Military Information Services (, or WSI) was a common name for the Polish military intelligence and counter-intelligence agency. The agency was created in 1990 after the Revolutions of 1989 ended the Communist regime as a merger between the former Communist agencies Internal Military Service (, or WSW) and the Second Directorate of General Staff of the Polish Army. The combined agency was originally known as the Second Directorate for Intelligence and Counter-intelligence (); it was renamed to WSI in 1991. At first, all commanding and upper-level officers—and most of the employees—had direct personal and career links with the former Communist regimes of Poland and the Soviet Union.

By a vote of 375 - 48 in favor, the Sejm of the Republic of Poland voted in May 2006 to liquidate WSI in October 2006. Polish President Bronisław Komorowski (at that time as deputy) voted against.

History
In 1990, the Second Directorate of General Staff of the Polish Army was joined with military counter-intelligence to form the WSW.  That merger combined the intelligence and counter-intelligence agencies under one structure, the Second Directorate for Intelligence and Counter-intelligence.
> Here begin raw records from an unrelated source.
(* Let $\mathcal{D}[t]\subset\mathcal{H}\subset\mathcal{D}^\times[t^\times]$ be a rigged Hilbert space with $\mathcal{D}[t]$ complete and reflexive and $\mathcal{D}^\times[t^\times]$ quasi-complete. Let $\{\xi_n\}$ be a topological basis of $\mathcal{D}[t]$. The following statements are equivalent. (i) $\{\xi_n\}$ is a Riesz-like basis. (ii) There exists a unique sequence $\{\zeta_n\}\subset\mathcal{D}^\times$ such that (a) $\{\xi_n\}$ and $\{\zeta_n\}$ are biorthogonal, i.e. $\langle\zeta_n,\xi_k\rangle=\delta_{n,k}$; (b) $\sum_{n=1}^\infty|\langle\zeta_n,f\rangle|^2<\infty$ for every $f\in\mathcal{D}$; (c) the seminorm $p_\zeta(f)=\big(\sum_{n=1}^\infty|\langle\zeta_n,f\rangle|^2\big)^{1/2}$ is continuous on $\mathcal{D}[t]$. (iii) There exists $S\in\mathcal{L}(\mathcal{D},\mathcal{D}^\times)$ with $S\geq 0$ (i.e. $\langle Sf,f\rangle\geq0$ for all $f\in\mathcal{D}$) such that $\{\xi_n\}$ and $\{S\xi_n\}$ are biorthogonal, i.e. $\langle S\xi_n,\xi_k\rangle=\delta_{n,k}$ for all $n,k$.
   Context: A rigged Hilbert space $\mathcal{D}[t]\subset\mathcal{H}\subset\mathcal{D}^\times[t^\times]$: $\mathcal{D}$ is a dense subspace of the Hilbert space $\mathcal{H}$ with a locally convex topology $t$ finer than the norm topology, $\mathcal{D}^\times$ is the space of continuous conjugate-linear functionals on $\mathcal{D}[t]$ with the strong dual topology $t^\times=\beta(\mathcal{D}^\times,\mathcal{D})$, $\mathcal{H}\subset\mathcal{D}^\times$, and the duality form $\langle\Phi,f\rangle$ (value of $\Phi\in\mathcal{D}^\times$ at $f\in\mathcal{D}$) extends the inner product. A locally convex space is quasi-complete if every closed bounded subset is complete. A topological basis of $\mathcal{D}[t]$ is a sequence $\{\xi_n\}$ such that every $f\in\mathcal{D}$ has a unique expansion $f=\sum c_n\xi_n$ converging in $\mathcal{D}[t]$; a Schauder basis is a topological basis whose coefficient functionals are $t$-continuous. $\mathcal{L}(\mathcal{D},\mathcal{D}^\times)$ denotes the continuous linear maps $\mathcal{D}[t]\to\mathcal{D}^\times[t^\times]$, and $\mathcal{C}(\mathcal{D},\mathcal{H})$ the set of those mapping $\mathcal{D}$ into $\mathcal{H}$ continuously from $\mathcal{D}[t]$ into $\mathcal{H}$. A Schauder basis $\{\xi_n\}$ of $\mathcal{D}[t]$ is a Riesz-like basis if there exists a one-to-one $T\in\mathcal{C}(\mathcal{D},\mathcal{H})$ such that $\{T\xi_n\}$ is an orthonormal basis of $\mathcal{H}$. *)

theory Defs
  imports "HOL-Analysis.Analysis" "HOL-Library.Function_Algebras"
begin

definition cvsubspace :: "(complex \<Rightarrow> 'a \<Rightarrow> 'a) \<Rightarrow> 'a::ab_group_add set \<Rightarrow> bool" where
  "cvsubspace sc V \<longleftrightarrow> 0 \<in> V \<and> (\<forall>x\<in>V. \<forall>y\<in>V. x + y \<in> V) \<and> (\<forall>c. \<forall>x\<in>V. sc c x \<in> V)"

definition is_seminorm :: "(complex \<Rightarrow> 'a \<Rightarrow> 'a) \<Rightarrow> 'a::ab_group_add set \<Rightarrow> ('a \<Rightarrow> real) \<Rightarrow> bool" where
  "is_seminorm sc V p \<longleftrightarrow> (\<forall>x\<in>V. p x \<ge> 0) \<and> (\<forall>c. \<forall>x\<in>V. p (sc c x) = cmod c * p x)
     \<and> (\<forall>x\<in>V. \<forall>y\<in>V. p (x + y) \<le> p x + p y)"

definition sn_topology :: "'a::ab_group_add set \<Rightarrow> ('a \<Rightarrow> real) set \<Rightarrow> 'a topology" where
  "sn_topology V P = topology_generated_by
     {{y \<in> V. \<forall>p\<in>F. p (y - x) < e} | x F e. x \<in> V \<and> finite F \<and> F \<subseteq> P \<and> e > 0}"

definition sn_bounded :: "('a \<Rightarrow> real) set \<Rightarrow> 'a set \<Rightarrow> bool" where
  "sn_bounded P B \<longleftrightarrow> (\<forall>p\<in>P. bdd_above (p ` B))"

definition sn_cauchy :: "('a::ab_group_add \<Rightarrow> real) set \<Rightarrow> 'a filter \<Rightarrow> bool" where
  "sn_cauchy P F \<longleftrightarrow> (\<forall>p\<in>P. \<forall>e>0. eventually (\<lambda>(x, y). p (x - y) < e) (F \<times>\<^sub>F F))"

definition sn_converges :: "('a::ab_group_add \<Rightarrow> real) set \<Rightarrow> 'a filter \<Rightarrow> 'a \<Rightarrow> bool" where
  "sn_converges P F a \<longleftrightarrow> (\<forall>p\<in>P. \<forall>e>0. eventually (\<lambda>x. p (x - a) < e) F)"

definition sn_complete_set :: "('a::ab_group_add \<Rightarrow> real) set \<Rightarrow> 'a set \<Rightarrow> bool" where
  "sn_complete_set P A \<longleftrightarrow>
     (\<forall>F. F \<noteq> bot \<and> F \<le> principal A \<and> sn_cauchy P F \<longrightarrow> (\<exists>a\<in>A. sn_converges P F a))"

definition sn_quasi_complete :: "'a::ab_group_add set \<Rightarrow> ('a \<Rightarrow> real) set \<Rightarrow> bool" where
  "sn_quasi_complete V P \<longleftrightarrow>
     (\<forall>A. A \<subseteq> V \<and> closedin (sn_topology V P) A \<and> sn_bounded P A \<longrightarrow> sn_complete_set P A)"

text \<open>Continuous conjugate-linear functionals (the space V^x) and continuous linear
  functionals, represented extensionally (value 0 outside V).\<close>
definition conj_dual :: "(complex \<Rightarrow> 'a \<Rightarrow> 'a) \<Rightarrow> 'a::ab_group_add set \<Rightarrow> ('a \<Rightarrow> real) set
    \<Rightarrow> ('a \<Rightarrow> complex) set" where
  "conj_dual sc V P = {\<Phi>. (\<forall>x\<in>V. \<forall>y\<in>V. \<Phi> (x + y) = \<Phi> x + \<Phi> y)
      \<and> (\<forall>c. \<forall>x\<in>V. \<Phi> (sc c x) = cnj c * \<Phi> x) \<and> (\<forall>x. x \<notin> V \<longrightarrow> \<Phi> x = 0)
      \<and> continuous_map (sn_topology V P) euclidean \<Phi>}"

definition lin_dual :: "(complex \<Rightarrow> 'a \<Rightarrow> 'a) \<Rightarrow> 'a::ab_group_add set \<Rightarrow> ('a \<Rightarrow> real) set
    \<Rightarrow> ('a \<Rightarrow> complex) set" where
  "lin_dual sc V P = {\<Phi>. (\<forall>x\<in>V. \<forall>y\<in>V. \<Phi> (x + y) = \<Phi> x + \<Phi> y)
      \<and> (\<forall>c. \<forall>x\<in>V. \<Phi> (sc c x) = c * \<Phi> x) \<and> (\<forall>x. x \<notin> V \<longrightarrow> \<Phi> x = 0)
      \<and> continuous_map (sn_topology V P) euclidean \<Phi>}"

text \<open>Seminorms of the strong dual topology: uniform convergence on bounded subsets of V.\<close>
definition strong_seminorms :: "'a set \<Rightarrow> ('a \<Rightarrow> real) set \<Rightarrow> (('a \<Rightarrow> complex) \<Rightarrow> real) set" where
  "strong_seminorms V P = {(\<lambda>\<Phi>. Sup ((\<lambda>v. cmod (\<Phi> v)) ` B)) | B. B \<noteq> {} \<and> B \<subseteq> V \<and> sn_bounded P B}"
In 1991, the Second Directorate was transformed into the WSI. WSI was responsible for military counter-intelligence and security activities in Poland.

WSI was bound by law to shield vital state information for the newly independent Poland, under the direct control and management of the Ministry of Defense (). WSI was also intended to be Poland's liaison with the intelligence services of other NATO countries.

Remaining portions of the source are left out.